Records from a data source:
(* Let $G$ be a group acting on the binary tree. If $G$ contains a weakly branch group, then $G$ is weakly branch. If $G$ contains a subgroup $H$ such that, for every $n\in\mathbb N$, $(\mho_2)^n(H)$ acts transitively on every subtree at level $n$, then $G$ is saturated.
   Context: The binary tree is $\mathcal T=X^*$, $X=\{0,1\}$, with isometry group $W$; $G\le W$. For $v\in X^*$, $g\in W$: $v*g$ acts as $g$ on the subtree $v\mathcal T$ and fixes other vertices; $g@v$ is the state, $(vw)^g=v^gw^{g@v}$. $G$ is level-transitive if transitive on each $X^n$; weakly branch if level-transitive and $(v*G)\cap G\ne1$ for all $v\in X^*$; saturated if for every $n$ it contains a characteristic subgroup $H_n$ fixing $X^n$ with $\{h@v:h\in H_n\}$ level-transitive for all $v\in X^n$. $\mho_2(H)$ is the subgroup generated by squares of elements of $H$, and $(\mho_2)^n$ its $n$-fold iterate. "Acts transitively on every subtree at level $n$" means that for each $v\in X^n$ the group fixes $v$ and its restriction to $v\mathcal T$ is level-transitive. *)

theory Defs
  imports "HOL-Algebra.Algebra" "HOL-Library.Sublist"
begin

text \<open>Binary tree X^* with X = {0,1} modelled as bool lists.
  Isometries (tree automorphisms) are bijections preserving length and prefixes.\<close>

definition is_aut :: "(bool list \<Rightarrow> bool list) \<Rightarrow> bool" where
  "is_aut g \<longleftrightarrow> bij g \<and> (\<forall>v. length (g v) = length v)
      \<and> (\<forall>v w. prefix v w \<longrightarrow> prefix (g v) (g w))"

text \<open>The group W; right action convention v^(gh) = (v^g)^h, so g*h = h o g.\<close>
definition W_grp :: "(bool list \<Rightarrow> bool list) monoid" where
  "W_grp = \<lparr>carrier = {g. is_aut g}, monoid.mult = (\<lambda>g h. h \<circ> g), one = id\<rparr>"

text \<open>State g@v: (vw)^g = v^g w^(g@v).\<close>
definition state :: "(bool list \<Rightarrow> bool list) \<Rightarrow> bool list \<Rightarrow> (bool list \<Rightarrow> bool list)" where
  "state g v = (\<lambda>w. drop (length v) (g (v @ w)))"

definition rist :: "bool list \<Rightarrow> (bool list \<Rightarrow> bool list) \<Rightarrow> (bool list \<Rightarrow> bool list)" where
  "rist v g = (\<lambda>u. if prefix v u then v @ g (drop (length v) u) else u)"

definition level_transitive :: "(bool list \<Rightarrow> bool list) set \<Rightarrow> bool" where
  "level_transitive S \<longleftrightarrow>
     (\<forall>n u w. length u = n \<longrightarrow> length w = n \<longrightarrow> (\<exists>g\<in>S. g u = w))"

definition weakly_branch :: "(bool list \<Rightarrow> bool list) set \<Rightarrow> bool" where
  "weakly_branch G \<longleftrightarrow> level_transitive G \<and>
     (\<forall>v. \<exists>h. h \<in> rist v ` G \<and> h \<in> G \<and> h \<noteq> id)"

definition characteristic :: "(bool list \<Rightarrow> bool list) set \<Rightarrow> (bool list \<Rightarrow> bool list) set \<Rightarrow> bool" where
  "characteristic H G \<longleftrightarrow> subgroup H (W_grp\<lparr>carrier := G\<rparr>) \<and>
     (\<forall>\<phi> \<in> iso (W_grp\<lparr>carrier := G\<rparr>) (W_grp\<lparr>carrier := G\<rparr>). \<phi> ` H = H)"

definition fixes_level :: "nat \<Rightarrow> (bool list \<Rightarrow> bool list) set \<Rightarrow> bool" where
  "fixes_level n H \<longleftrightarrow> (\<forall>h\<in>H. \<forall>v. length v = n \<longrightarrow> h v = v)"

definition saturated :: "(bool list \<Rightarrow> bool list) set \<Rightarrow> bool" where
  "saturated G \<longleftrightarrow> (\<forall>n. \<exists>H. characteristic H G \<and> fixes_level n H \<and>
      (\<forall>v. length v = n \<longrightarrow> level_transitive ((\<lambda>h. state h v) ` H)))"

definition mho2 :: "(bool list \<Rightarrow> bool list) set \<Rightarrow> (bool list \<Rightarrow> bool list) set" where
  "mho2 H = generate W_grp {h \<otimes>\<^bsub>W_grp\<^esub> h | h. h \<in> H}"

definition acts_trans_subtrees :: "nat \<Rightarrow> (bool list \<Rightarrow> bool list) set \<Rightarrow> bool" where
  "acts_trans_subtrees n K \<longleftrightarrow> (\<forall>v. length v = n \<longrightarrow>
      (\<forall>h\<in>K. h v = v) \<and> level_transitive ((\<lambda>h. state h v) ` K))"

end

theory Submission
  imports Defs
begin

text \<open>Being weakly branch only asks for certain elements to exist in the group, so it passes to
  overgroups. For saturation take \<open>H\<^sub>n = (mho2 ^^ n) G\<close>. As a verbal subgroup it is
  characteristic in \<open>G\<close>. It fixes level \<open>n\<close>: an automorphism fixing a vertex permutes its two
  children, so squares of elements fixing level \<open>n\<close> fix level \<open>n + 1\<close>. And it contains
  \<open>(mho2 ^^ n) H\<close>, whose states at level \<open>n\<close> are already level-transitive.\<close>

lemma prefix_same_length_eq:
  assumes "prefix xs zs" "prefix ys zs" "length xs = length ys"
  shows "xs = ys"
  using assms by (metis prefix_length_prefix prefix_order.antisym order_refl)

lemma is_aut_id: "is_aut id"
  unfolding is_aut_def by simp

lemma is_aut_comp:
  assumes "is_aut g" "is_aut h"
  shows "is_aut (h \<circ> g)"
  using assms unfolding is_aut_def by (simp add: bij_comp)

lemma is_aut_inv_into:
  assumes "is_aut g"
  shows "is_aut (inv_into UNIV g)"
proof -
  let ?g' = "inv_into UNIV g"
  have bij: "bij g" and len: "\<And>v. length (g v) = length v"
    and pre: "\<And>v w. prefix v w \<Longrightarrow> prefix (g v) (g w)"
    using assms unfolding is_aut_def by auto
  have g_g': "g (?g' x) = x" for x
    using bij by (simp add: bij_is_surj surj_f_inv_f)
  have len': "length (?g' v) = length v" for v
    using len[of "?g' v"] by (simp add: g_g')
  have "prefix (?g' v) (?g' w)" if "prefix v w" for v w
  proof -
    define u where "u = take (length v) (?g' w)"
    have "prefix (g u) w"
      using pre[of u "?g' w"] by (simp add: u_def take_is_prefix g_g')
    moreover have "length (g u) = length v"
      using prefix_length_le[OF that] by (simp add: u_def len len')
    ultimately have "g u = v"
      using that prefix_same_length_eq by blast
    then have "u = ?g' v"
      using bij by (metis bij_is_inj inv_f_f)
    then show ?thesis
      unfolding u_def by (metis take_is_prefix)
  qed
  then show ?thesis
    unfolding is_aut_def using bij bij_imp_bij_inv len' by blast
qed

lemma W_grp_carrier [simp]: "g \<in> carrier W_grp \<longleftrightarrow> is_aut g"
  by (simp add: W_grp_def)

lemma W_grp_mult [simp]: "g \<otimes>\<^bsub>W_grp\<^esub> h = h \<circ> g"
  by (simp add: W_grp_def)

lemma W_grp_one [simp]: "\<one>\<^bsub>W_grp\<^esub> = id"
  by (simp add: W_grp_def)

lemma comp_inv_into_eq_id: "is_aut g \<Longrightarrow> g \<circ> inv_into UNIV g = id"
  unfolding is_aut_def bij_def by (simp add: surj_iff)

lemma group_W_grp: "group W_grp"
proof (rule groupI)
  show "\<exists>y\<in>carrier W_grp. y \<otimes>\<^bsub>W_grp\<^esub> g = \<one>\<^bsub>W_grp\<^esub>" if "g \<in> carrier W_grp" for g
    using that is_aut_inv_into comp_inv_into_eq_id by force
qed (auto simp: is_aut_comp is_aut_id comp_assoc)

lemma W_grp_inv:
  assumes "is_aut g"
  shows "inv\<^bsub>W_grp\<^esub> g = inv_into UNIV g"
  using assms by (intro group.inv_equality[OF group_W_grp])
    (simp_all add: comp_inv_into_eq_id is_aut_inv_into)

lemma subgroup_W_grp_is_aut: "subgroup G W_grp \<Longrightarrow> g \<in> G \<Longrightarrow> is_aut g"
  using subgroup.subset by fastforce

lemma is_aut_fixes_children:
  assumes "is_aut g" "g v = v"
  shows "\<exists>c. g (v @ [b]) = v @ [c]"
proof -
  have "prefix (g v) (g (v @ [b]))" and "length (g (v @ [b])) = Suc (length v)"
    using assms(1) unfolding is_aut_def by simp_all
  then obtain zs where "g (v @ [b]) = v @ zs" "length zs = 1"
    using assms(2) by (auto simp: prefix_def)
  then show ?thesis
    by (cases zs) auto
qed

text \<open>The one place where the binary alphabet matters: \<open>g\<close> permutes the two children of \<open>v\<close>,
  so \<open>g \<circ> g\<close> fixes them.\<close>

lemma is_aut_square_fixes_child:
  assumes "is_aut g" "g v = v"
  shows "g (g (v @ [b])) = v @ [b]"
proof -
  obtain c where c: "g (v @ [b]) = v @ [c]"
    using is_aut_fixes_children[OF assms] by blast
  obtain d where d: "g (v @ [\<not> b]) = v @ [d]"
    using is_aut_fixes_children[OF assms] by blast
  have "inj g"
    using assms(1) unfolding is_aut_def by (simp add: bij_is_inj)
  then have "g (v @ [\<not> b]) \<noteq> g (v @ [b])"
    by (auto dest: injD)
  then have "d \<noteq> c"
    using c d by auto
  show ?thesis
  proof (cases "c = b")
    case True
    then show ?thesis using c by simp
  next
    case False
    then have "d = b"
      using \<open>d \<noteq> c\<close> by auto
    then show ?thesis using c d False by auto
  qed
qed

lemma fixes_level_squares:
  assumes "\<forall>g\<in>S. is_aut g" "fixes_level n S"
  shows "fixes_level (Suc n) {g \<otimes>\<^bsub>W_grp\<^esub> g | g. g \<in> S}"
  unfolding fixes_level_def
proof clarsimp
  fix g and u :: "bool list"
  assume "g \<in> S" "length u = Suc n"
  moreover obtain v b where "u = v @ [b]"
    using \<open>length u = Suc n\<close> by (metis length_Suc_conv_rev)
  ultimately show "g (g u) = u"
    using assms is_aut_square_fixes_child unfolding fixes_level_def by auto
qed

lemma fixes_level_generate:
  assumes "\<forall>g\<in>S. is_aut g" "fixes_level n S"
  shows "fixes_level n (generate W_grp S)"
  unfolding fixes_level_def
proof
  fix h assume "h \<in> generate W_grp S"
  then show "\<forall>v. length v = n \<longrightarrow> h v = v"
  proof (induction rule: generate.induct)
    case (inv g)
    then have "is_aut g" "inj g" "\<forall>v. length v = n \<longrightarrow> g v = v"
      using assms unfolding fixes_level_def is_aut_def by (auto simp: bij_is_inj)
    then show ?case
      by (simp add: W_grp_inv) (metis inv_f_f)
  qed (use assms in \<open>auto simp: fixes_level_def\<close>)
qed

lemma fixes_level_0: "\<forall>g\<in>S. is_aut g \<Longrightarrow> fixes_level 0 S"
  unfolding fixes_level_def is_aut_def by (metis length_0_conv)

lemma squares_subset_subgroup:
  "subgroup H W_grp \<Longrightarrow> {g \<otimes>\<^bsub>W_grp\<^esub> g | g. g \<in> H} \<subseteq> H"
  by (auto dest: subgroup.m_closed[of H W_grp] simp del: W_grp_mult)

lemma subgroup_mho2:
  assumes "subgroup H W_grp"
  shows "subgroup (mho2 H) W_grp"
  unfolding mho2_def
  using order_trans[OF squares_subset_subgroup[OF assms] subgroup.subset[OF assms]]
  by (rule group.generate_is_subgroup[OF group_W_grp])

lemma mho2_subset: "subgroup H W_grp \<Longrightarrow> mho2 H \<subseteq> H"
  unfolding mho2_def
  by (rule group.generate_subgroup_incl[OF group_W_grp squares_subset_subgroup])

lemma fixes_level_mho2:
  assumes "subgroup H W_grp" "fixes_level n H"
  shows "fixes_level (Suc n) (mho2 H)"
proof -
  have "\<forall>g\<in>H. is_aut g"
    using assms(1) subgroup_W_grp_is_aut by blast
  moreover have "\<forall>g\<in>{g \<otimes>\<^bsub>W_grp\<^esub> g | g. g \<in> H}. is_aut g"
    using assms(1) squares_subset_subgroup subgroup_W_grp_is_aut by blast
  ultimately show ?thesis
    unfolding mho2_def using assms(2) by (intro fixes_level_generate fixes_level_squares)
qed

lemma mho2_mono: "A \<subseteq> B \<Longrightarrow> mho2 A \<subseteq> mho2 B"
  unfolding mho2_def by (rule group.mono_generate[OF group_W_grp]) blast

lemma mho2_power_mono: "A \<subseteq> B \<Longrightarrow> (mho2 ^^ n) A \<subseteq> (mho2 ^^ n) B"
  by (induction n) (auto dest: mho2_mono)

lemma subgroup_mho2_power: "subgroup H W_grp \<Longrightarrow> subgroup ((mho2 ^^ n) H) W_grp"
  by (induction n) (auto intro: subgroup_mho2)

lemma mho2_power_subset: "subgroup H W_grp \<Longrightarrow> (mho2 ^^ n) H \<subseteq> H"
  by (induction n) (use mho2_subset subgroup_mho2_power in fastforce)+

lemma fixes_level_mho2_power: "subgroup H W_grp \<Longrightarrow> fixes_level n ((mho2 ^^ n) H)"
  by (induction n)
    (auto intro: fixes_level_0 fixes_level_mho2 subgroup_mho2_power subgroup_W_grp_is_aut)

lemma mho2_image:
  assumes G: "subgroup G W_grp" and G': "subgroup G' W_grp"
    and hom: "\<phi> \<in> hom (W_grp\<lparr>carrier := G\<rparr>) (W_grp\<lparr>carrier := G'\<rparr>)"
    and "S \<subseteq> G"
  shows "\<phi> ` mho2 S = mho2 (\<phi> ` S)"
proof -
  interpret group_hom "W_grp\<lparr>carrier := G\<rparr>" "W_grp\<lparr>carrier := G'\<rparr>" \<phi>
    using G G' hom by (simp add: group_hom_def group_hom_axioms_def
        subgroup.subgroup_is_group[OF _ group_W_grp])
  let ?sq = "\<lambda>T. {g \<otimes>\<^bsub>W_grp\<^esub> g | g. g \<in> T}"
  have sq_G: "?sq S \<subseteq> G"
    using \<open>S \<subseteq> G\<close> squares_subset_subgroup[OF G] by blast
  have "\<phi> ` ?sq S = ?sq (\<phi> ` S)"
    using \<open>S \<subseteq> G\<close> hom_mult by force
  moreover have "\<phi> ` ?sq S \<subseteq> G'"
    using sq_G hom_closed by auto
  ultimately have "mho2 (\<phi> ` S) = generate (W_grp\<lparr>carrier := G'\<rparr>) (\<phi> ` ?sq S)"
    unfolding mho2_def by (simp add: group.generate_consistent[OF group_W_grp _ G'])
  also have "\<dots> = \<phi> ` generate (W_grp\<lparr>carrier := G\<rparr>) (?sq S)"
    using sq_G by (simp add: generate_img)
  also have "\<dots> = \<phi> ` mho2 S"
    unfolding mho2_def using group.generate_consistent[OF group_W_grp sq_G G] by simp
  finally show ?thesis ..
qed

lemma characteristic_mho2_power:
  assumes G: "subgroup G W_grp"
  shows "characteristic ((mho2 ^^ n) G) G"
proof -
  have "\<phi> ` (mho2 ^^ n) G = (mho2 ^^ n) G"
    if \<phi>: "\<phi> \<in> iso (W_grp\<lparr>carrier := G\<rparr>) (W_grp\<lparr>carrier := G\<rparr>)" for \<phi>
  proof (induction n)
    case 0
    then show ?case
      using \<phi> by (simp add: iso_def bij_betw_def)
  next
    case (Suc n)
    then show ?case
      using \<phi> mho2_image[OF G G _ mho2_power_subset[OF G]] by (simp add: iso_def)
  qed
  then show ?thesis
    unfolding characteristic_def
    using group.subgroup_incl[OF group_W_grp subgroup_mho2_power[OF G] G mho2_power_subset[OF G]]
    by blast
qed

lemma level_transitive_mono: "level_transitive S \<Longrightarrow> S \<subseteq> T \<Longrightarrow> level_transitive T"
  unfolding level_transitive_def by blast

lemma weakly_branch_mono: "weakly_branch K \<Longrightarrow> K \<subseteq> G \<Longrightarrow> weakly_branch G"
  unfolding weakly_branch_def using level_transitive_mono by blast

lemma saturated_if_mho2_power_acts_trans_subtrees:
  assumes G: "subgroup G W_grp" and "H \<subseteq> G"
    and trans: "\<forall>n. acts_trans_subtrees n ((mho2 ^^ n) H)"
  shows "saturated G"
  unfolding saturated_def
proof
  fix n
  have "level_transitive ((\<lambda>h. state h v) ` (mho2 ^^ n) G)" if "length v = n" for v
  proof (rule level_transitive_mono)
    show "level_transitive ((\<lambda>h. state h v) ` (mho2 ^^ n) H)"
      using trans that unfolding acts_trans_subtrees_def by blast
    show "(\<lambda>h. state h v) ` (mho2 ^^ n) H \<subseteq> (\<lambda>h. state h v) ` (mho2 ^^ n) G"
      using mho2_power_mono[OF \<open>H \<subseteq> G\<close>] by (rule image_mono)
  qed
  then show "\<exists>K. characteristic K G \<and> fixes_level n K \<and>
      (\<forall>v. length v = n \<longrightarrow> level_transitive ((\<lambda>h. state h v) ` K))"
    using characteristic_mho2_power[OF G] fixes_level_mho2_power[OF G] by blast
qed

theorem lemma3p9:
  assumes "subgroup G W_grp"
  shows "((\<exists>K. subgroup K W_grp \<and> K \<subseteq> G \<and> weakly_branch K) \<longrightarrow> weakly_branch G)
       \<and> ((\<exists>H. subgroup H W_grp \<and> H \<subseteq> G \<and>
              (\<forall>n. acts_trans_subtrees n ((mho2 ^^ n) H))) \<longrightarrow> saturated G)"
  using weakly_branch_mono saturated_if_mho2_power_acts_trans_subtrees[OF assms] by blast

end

DIRECTIONS
The result should be every line that contains "transitively", copied from the entries.

RESPONSE AREA
(* Let $G$ be a group acting on the binary tree. If $G$ contains a weakly branch group, then $G$ is weakly branch. If $G$ contains a subgroup $H$ such that, for every $n\in\mathbb N$, $(\mho_2)^n(H)$ acts transitively on every subtree at level $n$, then $G$ is saturated.
   Context: The binary tree is $\mathcal T=X^*$, $X=\{0,1\}$, with isometry group $W$; $G\le W$. For $v\in X^*$, $g\in W$: $v*g$ acts as $g$ on the subtree $v\mathcal T$ and fixes other vertices; $g@v$ is the state, $(vw)^g=v^gw^{g@v}$. $G$ is level-transitive if transitive on each $X^n$; weakly branch if level-transitive and $(v*G)\cap G\ne1$ for all $v\in X^*$; saturated if for every $n$ it contains a characteristic subgroup $H_n$ fixing $X^n$ with $\{h@v:h\in H_n\}$ level-transitive for all $v\in X^n$. $\mho_2(H)$ is the subgroup generated by squares of elements of $H$, and $(\mho_2)^n$ its $n$-fold iterate. "Acts transitively on every subtree at level $n$" means that for each $v\in X^n$ the group fixes $v$ and its restriction to $v\mathcal T$ is level-transitive. *)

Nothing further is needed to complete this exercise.